La percezione comune sembra considerare l’esistenza di una cesura tra ciò che c’è stato prima del COVID-19 e la diffusione contagiosa di quest’ultimo nella popolazione umana. Ora che i mesi più duri della pandemia sembrano (condizionale d’obbligo) alle spalle, lo sprazzo che si intravede permette di riannodare il filo di alcune riflessioni che la comparsa del virus aveva, nei mesi passati, congelato. In altre parole, sembra possibile una riconnessione con il “prima” che permetta, anche se in modo embrionale, di cogliere continuità nella discontinuità, e di riconsegnare così alla temporalità della storia umana quella pluralità senza la quale quest’ultima si trasforma in semplice cronologia.

Proprio a questo scopo è utile ritornare a un’opera pubblicata appena prima della crisi pandemica. Con La rivolta della società. L’Italia dal 1989 a oggi (Laterza, 2020) Francesco Tuccari analizza i cambiamenti radicali che hanno investito il paese negli ultimi trent’anni. La transizione dalla Prima alla cosiddetta Terza Repubblica viene indagata su molteplici piani e tramite una lente complessa che è in grado di inquadrare le vicende italiane in un contesto più largo, che considera il quadro trans-statuale entro cui l’Italia è compresa (operazione non sempre scontata quando si tratta di analisi di questo tipo).

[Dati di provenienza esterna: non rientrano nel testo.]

(* For every integer $n \ge 3$, \[ \mathcal{F}_{T_n} \le \mathcal{F}_{R_n} \le \binom{n}{2}\, \mathcal{F}_{P_n}. \]
   Context: All graphs are finite and simple. For a graph $G$, a fort is a nonempty set $F \subseteq V(G)$ such that every vertex outside $F$ is adjacent to either zero or at least two vertices of $F$. A fort is minimal if no proper subset of it is a fort. $\mathcal{F}_G$ denotes the number of minimal forts of $G$. $\mathcal{F}_{T_n}$ is the maximum of $\mathcal{F}_T$ over all trees $T$ on $n$ vertices, $\mathcal{F}_{R_n}$ is the maximum of $\mathcal{F}_R$ over all forests $R$ on $n$ vertices, and $\mathcal{F}_{P_n}$ is the number of minimal forts of the path $P_n$ on $n$ vertices (equivalently, $\mathcal{F}_{P_n}=a_n$ where $a_1=a_2=a_3=1$ and $a_n=a_{n-2}+a_{n-3}$ for $n\ge4$). *)

theory Defs
  imports Main
begin

definition simple_graph :: "nat \<Rightarrow> nat set set \<Rightarrow> bool" where
  "simple_graph n E \<longleftrightarrow> (\<forall>e\<in>E. \<exists>u v. u \<noteq> v \<and> u < n \<and> v < n \<and> e = {u, v})"

definition adj :: "nat set set \<Rightarrow> nat \<Rightarrow> nat \<Rightarrow> bool" where
  "adj E u v \<longleftrightarrow> {u, v} \<in> E \<and> u \<noteq> v"

definition is_fort :: "nat \<Rightarrow> nat set set \<Rightarrow> nat set \<Rightarrow> bool" where
  "is_fort n E F \<longleftrightarrow> F \<noteq> {} \<and> F \<subseteq> {0..<n} \<and>
     (\<forall>v\<in>{0..<n} - F. card {u\<in>F. adj E u v} \<noteq> 1)"

definition is_minimal_fort :: "nat \<Rightarrow> nat set set \<Rightarrow> nat set \<Rightarrow> bool" where
  "is_minimal_fort n E F \<longleftrightarrow> is_fort n E F \<and> (\<forall>F'. F' \<subset> F \<longrightarrow> \<not> is_fort n E F')"

definition num_min_forts :: "nat \<Rightarrow> nat set set \<Rightarrow> nat" where
  "num_min_forts n E = card {F. is_minimal_fort n E F}"

definition has_cycle :: "nat \<Rightarrow> nat set set \<Rightarrow> bool" where
  "has_cycle n E \<longleftrightarrow> (\<exists>vs. length vs \<ge> 3 \<and> distinct vs \<and> set vs \<subseteq> {0..<n} \<and>
      (\<forall>i. Suc i < length vs \<longrightarrow> adj E (vs ! i) (vs ! Suc i)) \<and>
      adj E (last vs) (hd vs))"

definition connected_graph :: "nat \<Rightarrow> nat set set \<Rightarrow> bool" where
  "connected_graph n E \<longleftrightarrow>
     (\<forall>u<n. \<forall>v<n. (u, v) \<in> {(a, b). adj E a b}\<^sup>*)"

definition is_forest :: "nat \<Rightarrow> nat set set \<Rightarrow> bool" where
  "is_forest n E \<longleftrightarrow> simple_graph n E \<and> \<not> has_cycle n E"

definition is_tree :: "nat \<Rightarrow> nat set set \<Rightarrow> bool" where
  "is_tree n E \<longleftrightarrow> is_forest n E \<and> connected_graph n E"

definition path_edges :: "nat \<Rightarrow> nat set set" where
  "path_edges n = {{i, Suc i} | i. Suc i < n}"

definition F_T :: "nat \<Rightarrow> nat" where
  "F_T n = Max {num_min_forts n E | E. is_tree n E}"

definition F_R :: "nat \<Rightarrow> nat" where
  "F_R n = Max {num_min_forts n E | E. is_forest n E}"

definition F_P :: "nat \<Rightarrow> nat" where
  "F_P n = num_min_forts n (path_edges n)"

end

theory Submission
  imports Defs
begin

(*
  Every finite forest has an isolated vertex, an isolated edge, a pendant path (a leaf l whose
  neighbour p has exactly one other neighbour q) or a pendant star (a vertex p with k >= 2 leaves
  and at most one other neighbour).  Deleting the configuration, a minimal fort is either a new
  one (the vertex, the edge, or one of the k choose 2 pairs of star leaves) or, after dropping at
  most one star leaf, a minimal fort of the smaller forest; at a pendant path it becomes a
  minimal fort of the forest without {l, p} or without {l, p, q}, depending on whether it
  contains p.  Induction on n gives 2 F_G <= n (n - 1) a_n for every forest G on n >= 3
  vertices, the recurrence a_n = a_(n-2) + a_(n-3) matching the pendant path.  On the path P_n
  itself the pendant-path correspondence is onto, so a_n <= F_P n.
*)

section \<open>Padovan numbers\<close>

fun padovan :: "nat \<Rightarrow> nat" where
  "padovan 0 = 0"
| "padovan (Suc 0) = 1"
| "padovan (Suc (Suc 0)) = 1"
| "padovan (Suc (Suc (Suc n))) = padovan (Suc n) + padovan n"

Tuccari recupera sul piano del metodo la lezione di Karl Polanyi, ma ne “aggiorna” (per così dire) il contenuto affinché aderisca a un contesto giocoforza differente rispetto a quello osservato dall’autore di The Great Transformation. È a partire dalla tensione prodotta dalle forze del mercato capitalistico che si sviluppa quel “doppio movimento” che stringe la società tra sussunzione e protezione, originando così le sue crisi, le sue rivolte e i tentativi politici di rivendicare una sua difesa. Rispetto alle analisi di Polanyi, tuttavia, oggi l’elemento di novità rappresentato dal grado di globalizzazione raggiunto nel mondo produce una tensione ulteriore, che si scarica sulla sovranità degli Stati-nazione e rende sempre più difficili e vani i loro tentativi di “difendere la società”.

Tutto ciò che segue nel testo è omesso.